When an electron makes a transition from n=2 to n=1 energy level, the emitted radiation is in the form of X-rays. The minimum atomic number required for this transition to emit X-rays with a wavelength of 3.0 x 10^-8 m can be calculated as follows:
E = (hc)/λ
E = (6.626 x 10^-34 J·s) x (3.0 x 10^8 m/s) / (3.0 x 10^-8 m)
E = 6.626 x 10^-16 J
The energy difference between n=2 and n=1 energy levels can be calculated using the formula:
ΔE = (-13.6 eV) x [(1/nf^2) - (1/ni^2)]
where ΔE is the energy difference, nf is the final energy level (n=1), and ni is the initial energy level (n=2).
ΔE = (-13.6 eV) x [(1/1^2) - (1/2^2)]
ΔE = -10.2 eV
Converting this energy to joules:
1 eV = 1.602 x 10^-19 J
-10.2 eV = -1.64 x 10^-18 J
The minimum atomic number required for this transition to emit X-rays with a wavelength of 3.0 x 10^-8 m can be calculated using the formula:
ΔE = (Z^2 x 13.6 eV) / n^2
where Z is the atomic number and n is the initial energy level (n=2).

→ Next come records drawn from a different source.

lemma char_poly_sombor_matrix_sd_list_quotient:
  assumes n: "2 \<le> n"
  defines "z \<equiv> sd_center_card n" and "p \<equiv> sd_period n" and "W \<equiv> sd_sombor_weight n"
  shows "char_poly (sombor_matrix (sd_list n) (commuting_adj n))
    = char_poly (block_pattern_mat (p + 2) (\<lambda>c. min c 2) (\<lambda>c. of_nat (sd_class_size n c - 1) * W c c) (\<lambda>_. 0)
        (\<lambda>c c'. if c = 0 \<or> c' = 0 then of_nat (sd_class_size n c) * W c c' else 0))
      * [:W 0 0, 1:] ^ (z - 1) * [:W 1 1, 1:] ^ (4 * n - z - 1) * [:W 2 2, 1:] ^ (p * (z - 1))"
proof -
  have "char_poly (sombor_matrix (sd_list n) (commuting_adj n))
      = char_poly (quotient_mat (p + 2) (sd_class_size n) (\<lambda>_. 0) (\<lambda>c. W c c)
          (\<lambda>c c'. if c = 0 \<or> c' = 0 then W c c' else 0))
        * (\<Prod>c<p + 2. [:- (0 - W c c), 1:] ^ (sd_class_size n c - 1))"
    unfolding sombor_matrix_sd_list[OF n] W_def p_def
    by (rule block_partition.char_poly_block_pattern_mat[OF block_partition_sd_class[OF n]])
      (use n card_sd_class in simp)
  then show ?thesis
    unfolding quotient_mat_star_eq_block_pattern_mat[where sz = "sd_class_size n" and w = W,
        OF sd_class_size_min sd_sombor_weight_min[of n, folded W_def]]
      prod_sd_class_factors[of n, folded z_def p_def W_def] by (simp only: mult.assoc)
qed

lemma sd_sombor_weight_diag: "sd_sombor_weight n c c = complex_of_real (real (sd_class_degree n c) * sqrt 2)"
proof -
  have "sqrt (real (sd_class_degree n c) ^ 2 + real (sd_class_degree n c) ^ 2) = real (sd_class_degree n c) * sqrt 2"
    by (simp add: real_sqrt_mult mult.commute)
  then show ?thesis by (simp add: sd_sombor_weight_def)
qed

lemma sd_sombor_weight_mult_swap:
  "sd_sombor_weight n c c' * sd_sombor_weight n c' c = complex_of_real (real (sd_class_degree n c) ^ 2 + real (sd_class_degree n c') ^ 2)"
  by (simp add: sd_sombor_weight_def add.commute flip: of_real_mult)

lemma real_sd_class_size_degree:
  assumes n: "2 \<le> n"
  defines "z \<equiv> real (sd_center_card n)"
  shows "real (sd_class_size n 0) = z" "real (sd_class_size n 1) = 4 * real n - z"
    "real (sd_class_size n 2) = z" "real (sd_class_size n 0 - 1) = z - 1"
    "real (sd_class_size n 1 - 1) = 4 * real n - z - 1" "real (sd_class_size n 2 - 1) = z - 1"
    "real (sd_class_degree n 0) = 8 * real n - 1" "real (sd_class_degree n 1) = 4 * real n - 1"
    "real (sd_class_degree n 2) = 2 * z - 1"
  using n by (simp_all add: sd_class_size_def sd_class_degree_def z_def sd_center_card_def of_nat_diff)

lemma char_poly_sombor_matrix_sd_list:
  assumes n: "2 \<le> n"
  defines "z \<equiv> sd_center_card n" and "p \<equiv> sd_period n"
  defines "d0 \<equiv> 8 * real n - 1" and "d1 \<equiv> 4 * real n - 1" and "d2 \<equiv> 2 * real z - 1"
  shows "char_poly (sombor_matrix (sd_list n) (commuting_adj n))
    = ([:- complex_of_real ((real z - 1) * d0 * sqrt 2), 1:]
          * [:- complex_of_real ((4 * real n - real z - 1) * d1 * sqrt 2), 1:]
          * [:- complex_of_real ((real z - 1) * d2 * sqrt 2), 1:]
        - Polynomial.smult (complex_of_real ((4 * real n - real z) * real z * (d1 ^ 2 + d0 ^ 2)))
            [:- complex_of_real ((real z - 1) * d2 * sqrt 2), 1:]
        - Polynomial.smult (complex_of_real (real p * real z * real z * (d2 ^ 2 + d0 ^ 2)))
            [:- complex_of_real ((4 * real n - real z - 1) * d1 * sqrt 2), 1:])
      * [:- complex_of_real ((real z - 1) * d2 * sqrt 2), 1:] ^ (p - 1)
      * [:- complex_of_real (- d0 * sqrt 2), 1:] ^ (z - 1)
      * [:- complex_of_real (- d1 * sqrt 2), 1:] ^ (4 * n - z - 1)
      * [:- complex_of_real (- d2 * sqrt 2), 1:] ^ (p * (z - 1))"
proof -
  define W where "W = sd_sombor_weight n"
  define \<delta> where "\<delta> = (\<lambda>c. of_nat (sd_class_size n c - 1) * W c c)"
  define \<beta> where "\<beta> = (\<lambda>c c'. if c = 0 \<or> c' = 0 then of_nat (sd_class_size n c) * W c c' else 0)"
  note class_values = real_sd_class_size_degree[OF n, folded z_def d0_def d1_def, folded d2_def]
  have p: "1 \<le> p" using n by (simp add: p_def sd_period_def)
  have \<delta>: "\<delta> 0 = complex_of_real ((real z - 1) * d0 * sqrt 2)"
    "\<delta> 1 = complex_of_real ((4 * real n - real z - 1) * d1 * sqrt 2)"
    "\<delta> 2 = complex_of_real ((real z - 1) * d2 * sqrt 2)"
    unfolding \<delta>_def W_def sd_sombor_weight_diag of_real_of_nat_eq[where 'a = complex, symmetric]
      of_real_mult[symmetric] class_values by (simp_all only: mult.assoc)
  have "\<beta> 1 0 * \<beta> 0 1 = of_nat (sd_class_size n 1) * of_nat (sd_class_size n 0) * (W 1 0 * W 0 1)"
    "of_nat p * \<beta> 2 0 * \<beta> 0 2
      = of_nat p * of_nat (sd_class_size n 2) * of_nat (sd_class_size n 0) * (W 2 0 * W 0 2)"
    by (simp_all add: \<beta>_def mult_ac)
  then have \<beta>: "\<beta> 1 0 * \<beta> 0 1 = complex_of_real ((4 * real n - real z) * real z * (d1 ^ 2 + d0 ^ 2))"
    "of_nat p * \<beta> 2 0 * \<beta> 0 2 = complex_of_real (real p * real z * real z * (d2 ^ 2 + d0 ^ 2))"
    by (simp_all only: W_def sd_sombor_weight_mult_swap of_real_of_nat_eq[where 'a = complex, symmetric]
        of_real_mult[symmetric] class_values)
  have W: "[:W c c, 1:] = [:- complex_of_real (- real (sd_class_degree n c) * sqrt 2), 1:]" for c
    by (simp add: W_def sd_sombor_weight_diag)
  have "char_poly (sombor_matrix (sd_list n) (commuting_adj n))
      = char_poly (block_pattern_mat (p + 2) (\<lambda>c. min c 2) \<delta> (\<lambda>_. 0) \<beta>)
        * [:W 0 0, 1:] ^ (z - 1) * [:W 1 1, 1:] ^ (4 * n - z - 1) * [:W 2 2, 1:] ^ (p * (z - 1))"
    unfolding char_poly_sombor_matrix_sd_list_quotient[OF n] \<delta>_def \<beta>_def W_def z_def p_def ..
  also have "char_poly (block_pattern_mat (p + 2) (\<lambda>c. min c 2) \<delta> (\<lambda>_. 0) \<beta>)
      = ([:- \<delta> 0, 1:] * [:- \<delta> 1, 1:] * [:- \<delta> 2, 1:]
        - Polynomial.smult (\<beta> 1 0 * \<beta> 0 1) [:- \<delta> 2, 1:]
        - Polynomial.smult (of_nat p * \<beta> 2 0 * \<beta> 0 2) [:- \<delta> 1, 1:])
      * [:- \<delta> 2, 1:] ^ (p - 1)"
    by (rule char_poly_star_block_pattern_mat[OF p]) (simp_all add: \<beta>_def)
  finally show ?thesis by (simp only: \<delta> \<beta> W class_values)
qed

-1.64 x 10^-18 J = (Z^2 x 13.6 eV) / 2^2
Z^2 = (-1.64 x 10^-18 J x 4) / 13.6 eV
Z^2 = -4.8 x 10^-19
Z = 2
Therefore, the minimum atomic number required for this transition to emit X-rays with a wavelength of 3.0 x 10^-8 m is 2.
The energy emitted during a transition from higher energy level to lower energy level can be calculated using the formula:
E = (hc)/λ
where E is the energy emitted, h is Planck's constant, c is the speed of light, and λ is the wavelength of the emitted radiation.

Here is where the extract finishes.